Colour is also an indication of the age of the wine and its condition.
It is therefore very important to have good lighting, a white background and suitable wine glasses.
Nowadays, the considerable technological progress implemented at the wineries, such as filters, clarifiers, amicrobic bottling, etc., means that it is unusual for a wine to have visible defects. When such defects do occur, it is generally due to poor storage.
The oxidised, turbid colour of a faulty wine should not be confused with the presence of a small sediment deposit which can be removed simply by decanting the bottle.
The visual analysis comprises the following stages:
- Analysis of the clarity of the wine. This is done by directly looking at the wine circle from top to bottom and also sideways. The wine should be brilliant, with no floating objects or veil. When the glass is raised and observed against the light, the wine should be transparent, crystal clear and with no floating flakes. If this is not the case, then it is said to be milky, turbid or veiled.

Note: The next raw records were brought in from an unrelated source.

lemma legendre_degree_lead_coeff: "degree (legendre n) = n \<and> coeff (legendre n) n > 0"
proof (induction n rule: legendre.induct)
  case (3 n)
  let ?P = "legendre (Suc (Suc n))"
  have "coeff ?P (Suc (Suc n)) = (2 * real n + 3) * coeff (legendre (Suc n)) (Suc n) / (real n + 2)"
    using 3 by (simp add: coeff_eq_0 field_simps)
  then have pos: "coeff ?P (Suc (Suc n)) > 0" using 3 by simp
  then have "Suc (Suc n) \<le> degree ?P" by (metis le_degree less_irrefl)
  moreover have "degree ?P \<le> Suc (Suc n)" using 3 by (simp add: degree_diff_le degree_pCons_le)
  ultimately show ?case using pos by simp
qed simp_all

lemma degree_legendre [simp]: "degree (legendre n) = n"
  using legendre_degree_lead_coeff by blast

lemma legendre_nonzero: "legendre n \<noteq> 0"
  using legendre_degree_lead_coeff[of n] by auto

text \<open>This positivity gives the simplicity of the zeros of \<open>P\<^sub>n\<close> and the interlacing of the zeros
  of \<open>P\<^sub>n\<close> and \<open>P\<^sub>n\<^sub>+\<^sub>1\<close>.\<close>

lemma legendre_wronskian_pos:
  "poly (pderiv (legendre (Suc m))) x * poly (legendre m) x
     - poly (legendre (Suc m)) x * poly (pderiv (legendre m)) x > 0"
proof (induction m)
  case 0
  then show ?case by (simp add: pderiv_pCons)
next
  case (Suc m)
  define p0 p1 p2 where "p0 = poly (legendre m) x" and "p1 = poly (legendre (Suc m)) x"
    and "p2 = poly (legendre (Suc (Suc m))) x"
  define d0 d1 d2 where "d0 = poly (pderiv (legendre m)) x"
    and "d1 = poly (pderiv (legendre (Suc m))) x" and "d2 = poly (pderiv (legendre (Suc (Suc m)))) x"
  have rec: "(real m + 2) * p2 = (2 * real m + 3) * x * p1 - (real m + 1) * p0"
    unfolding p0_def p1_def p2_def poly_legendre_Suc_Suc by (simp add: field_simps)
  have rec': "(real m + 2) * d2 = (2 * real m + 3) * (p1 + x * d1) - (real m + 1) * d0"
    unfolding d0_def d1_def d2_def p1_def poly_pderiv_legendre_Suc_Suc by (simp add: field_simps)
  have "(real m + 2) * (d2 * p1 - p2 * d1) = (2 * real m + 3) * p1\<^sup>2 + (real m + 1) * (d1 * p0 - p1 * d0)"
    using rec rec' by (simp add: power2_eq_square) algebra
  also have "\<dots> > 0"
    using Suc.IH unfolding p0_def p1_def d0_def d1_def by (intro add_nonneg_pos) simp_all
  finally show ?case unfolding p1_def p2_def d1_def d2_def by (simp add: zero_less_mult_iff)
qed


lemma poly_sign_after_root:
  fixes p :: "real poly"
  assumes root: "poly p a = 0" and "a < b"
    and no_root: "\<And>x. a < x \<Longrightarrow> x \<le> b \<Longrightarrow> poly p x \<noteq> 0"
  shows "poly (pderiv p) a * poly p b \<ge> 0"
proof (rule ccontr)
  assume neg: "\<not> ?thesis"
  define q where "q = smult (poly p b) p"
  have "poly (pderiv q) a < 0" using neg by (simp add: q_def pderiv_smult mult.commute)
  then obtain e where e: "e > 0" "\<And>h. 0 < h \<Longrightarrow> h < e \<Longrightarrow> poly q (a + h) < poly q a"
    using DERIV_neg_dec_right[OF poly_DERIV] by blast
  define h where "h = min (e / 2) ((b - a) / 2)"
  have h: "0 < h" "h < e" "h < b - a" using e(1) \<open>a < b\<close> by (auto simp: h_def min_def field_simps)
  define c where "c = a + h"
  have c: "a < c" "c < b" using h by (simp_all add: c_def)
  have "poly q c < 0" using e(2)[OF h(1,2)] root by (simp add: q_def c_def)
  moreover have "poly q b > 0"
    using no_root[of b] \<open>a < b\<close> by (auto simp: q_def zero_less_mult_iff linorder_neq_iff)
  ultimately obtain x where "c < x" "x < b" "poly q x = 0" using poly_IVT_pos[OF c(2)] by blast
  then show False using no_root[of x] no_root[of b] c \<open>a < b\<close> by (simp add: q_def)
qed

lemma poly_sign_before_root:
  fixes p :: "real poly"
  assumes root: "poly p b = 0" and "a < b"
    and no_root: "\<And>x. a \<le> x \<Longrightarrow> x < b \<Longrightarrow> poly p x \<noteq> 0"
  shows "poly (pderiv p) b * poly p a \<le> 0"
proof (rule ccontr)
  assume pos: "\<not> ?thesis"
  define q where "q = smult (poly p a) p"
  have "poly (pderiv q) b > 0" using pos by (simp add: q_def pderiv_smult mult.commute)
  then obtain e where e: "e > 0" "\<And>h. 0 < h \<Longrightarrow> h < e \<Longrightarrow> poly q (b - h) < poly q b"
    using DERIV_pos_inc_left[OF poly_DERIV] by blast
  define h where "h = min (e / 2) ((b - a) / 2)"
  have h: "0 < h" "h < e" "h < b - a" using e(1) \<open>a < b\<close> by (auto simp: h_def min_def field_simps)
  define c where "c = b - h"
  have c: "a < c" "c < b" using h by (simp_all add: c_def)
  have "poly q c < 0" using e(2)[OF h(1,2)] root by (simp add: q_def c_def)
  moreover have "poly q a > 0"
    using no_root[of a] \<open>a < b\<close> by (auto simp: q_def zero_less_mult_iff linorder_neq_iff)
  ultimately obtain x where "a < x" "x < c" "poly q x = 0" using poly_IVT_neg[OF c(1)] by blast
  then show False using no_root[of x] no_root[of a] c \<open>a < b\<close> by (simp add: q_def)
qed

lemma pderiv_opposite_signs_at_consecutive_roots:
  fixes p :: "real poly"
  assumes "poly p a = 0" "poly p b = 0" "a < b"
    and no_root: "\<And>x. a < x \<Longrightarrow> x < b \<Longrightarrow> poly p x \<noteq> 0"
    and "poly (pderiv p) a \<noteq> 0" "poly (pderiv p) b \<noteq> 0"
  shows "poly (pderiv p) a * poly (pderiv p) b < 0"
proof -
  define c where "c = (a + b) / 2"
  have c: "a < c" "c < b" using \<open>a < b\<close> by (auto simp: c_def)
  have "poly (pderiv p) a * poly p c \<ge> 0"
    using poly_sign_after_root[OF assms(1) c(1)] no_root c by auto
  moreover have "poly (pderiv p) b * poly p c \<le> 0"
    using poly_sign_before_root[OF assms(2) c(2)] no_root c by auto
  moreover have "poly p c \<noteq> 0" using no_root c by auto
  ultimately show ?thesis using assms(5,6)
    by (smt (verit) mult_neg_neg mult_pos_pos zero_less_mult_iff mult_less_0_iff)
qed

lemma card_poly_roots_ge_separated:
  fixes p :: "real poly" and y :: "nat \<Rightarrow> real"
  assumes "p \<noteq> 0" and y_less: "\<And>j. j < m \<Longrightarrow> y j < y (Suc j)"
    and roots: "\<And>j. j < m \<Longrightarrow> \<exists>z. y j < z \<and> z < y (Suc j) \<and> poly p z = 0"
  shows "m \<le> card {x. poly p x = 0 \<and> y 0 < x \<and> x < y m}"
proof -
  have y_mono: "y j \<le> y k" if "j \<le> k" "k \<le> m" for j k
    using that
  proof (induction k)
    case (Suc k)
    then show ?case using y_less[of k] by (cases "j = Suc k") auto
  qed simp
  obtain z where z: "\<And>j. j < m \<Longrightarrow> y j < z j \<and> z j < y (Suc j) \<and> poly p (z j) = 0"
    using roots by metis
  have z_less: "z j < z k" if "j < k" "k < m" for j k
  proof -
    have "z j < y (Suc j)" using z[of j] that by simp
    also have "y (Suc j) \<le> y k" using that by (intro y_mono) auto
    also have "y k < z k" using z[of k] that by simp
    finally show ?thesis .
  qed
  have "inj_on z {..<m}"
  proof (rule inj_onI)
    fix j k assume "j \<in> {..<m}" "k \<in> {..<m}" "z j = z k"
    then show "j = k" using z_less[of j k] z_less[of k j] by (cases j k rule: linorder_cases) auto
  qed
  moreover have "z ` {..<m} \<subseteq> {x. poly p x = 0 \<and> y 0 < x \<and> x < y m}"
  proof clarify
    fix j assume "j < m"
    then have "y 0 \<le> y j" "y (Suc j) \<le> y m" by (simp_all add: y_mono)
    then show "poly p (z j) = 0 \<and> y 0 < z j \<and> z j < y m" using z[OF \<open>j < m\<close>] by auto
  qed
  moreover have "finite {x. poly p x = 0 \<and> y 0 < x \<and> x < y m}"
    using poly_roots_finite[OF \<open>p \<noteq> 0\<close>] by (rule rev_finite_subset) auto
  ultimately show ?thesis using card_inj_on_le by fastforce
qed

lemma strict_sorted_no_member_between:
  fixes xs :: "'a::linorder list"
  assumes "sorted_wrt (<) xs" "x \<in> set xs" "Suc i < length xs"
  shows "\<not> (xs ! i < x \<and> x < xs ! Suc i)"
proof -
  obtain k where k: "k < length xs" "x = xs ! k" using assms(2) by (auto simp: in_set_conv_nth)
  have "sorted xs" using assms(1) by (rule strict_sorted_imp_sorted)
  then have "x \<le> xs ! i \<or> xs ! Suc i \<le> x"
    using k assms(3) by (cases "k \<le> i") (auto simp: sorted_nth_mono)
  then show ?thesis by auto
qed

lemma legendre_root_simple: "poly (legendre n) x = 0 \<Longrightarrow> poly (pderiv (legendre n)) x \<noteq> 0"
proof (cases n)
  case (Suc m)
  then show "poly (legendre n) x = 0 \<Longrightarrow> ?thesis" using legendre_wronskian_pos[of m x] by auto
qed simp

lemma legendre_Suc_sign_at_root:
  "poly (legendre n) x = 0 \<Longrightarrow> poly (legendre (Suc n)) x * poly (pderiv (legendre n)) x < 0"
  using legendre_wronskian_pos[of n x] by (simp add: algebra_simps)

- Appreciation of the colour of the wine. The analysis of the "appearance" shall be made by slightly tilting the glass in order to determine:
- The opacity or depth of colour (which is termed the "robe" in red wines). This is an indication of the wine's tannic character and, therefore, its structure, given the fact that the same wine components are involved in both cases. It should never be presupposed that a deep colour is equivalent to a great wine, since this could simply be the result of an excessive tannin content or a rustic character. Intensity can be described as light, sustained, intense, dark ...
- Hue or description of the colour type (scarlet, cherry-red, ruby, brick red, tawny ...)
- Analysis of the effervescence (still wine, pearl, semi-sparkling or sparkling, persistence and bubble size, etc.)
- Viscosity and legs. This is the final visual analysis. The wine taster tilts the glass slightly and swirls the wine around the sides of the glass. The streaks of wine running down the glass are the wine tears or "legs". In principle, a wine with legs will be of a better quality than a wine without, however this statement requires some further qualification.
The wine legs are related to the alcohol content and to the wine's dry extract content, and these parameters are not necessarily positive. When a wine has poor legs, it is termed watery, liquid or fluid. Good legs merit the terms: unctuous, fatty, glycerine-laden, with tears, good legs.
A final observation along these lines: wine glasses are often washed in the dishwasher. This involves a final rinse aid to prevent water stains on the glass. However this rinse aid prevents the tears or legs from fully developing in the glass. To appreciate the full quality of the legs, the glasses need to be rinsed with water and dried with a linen lint-free cloth.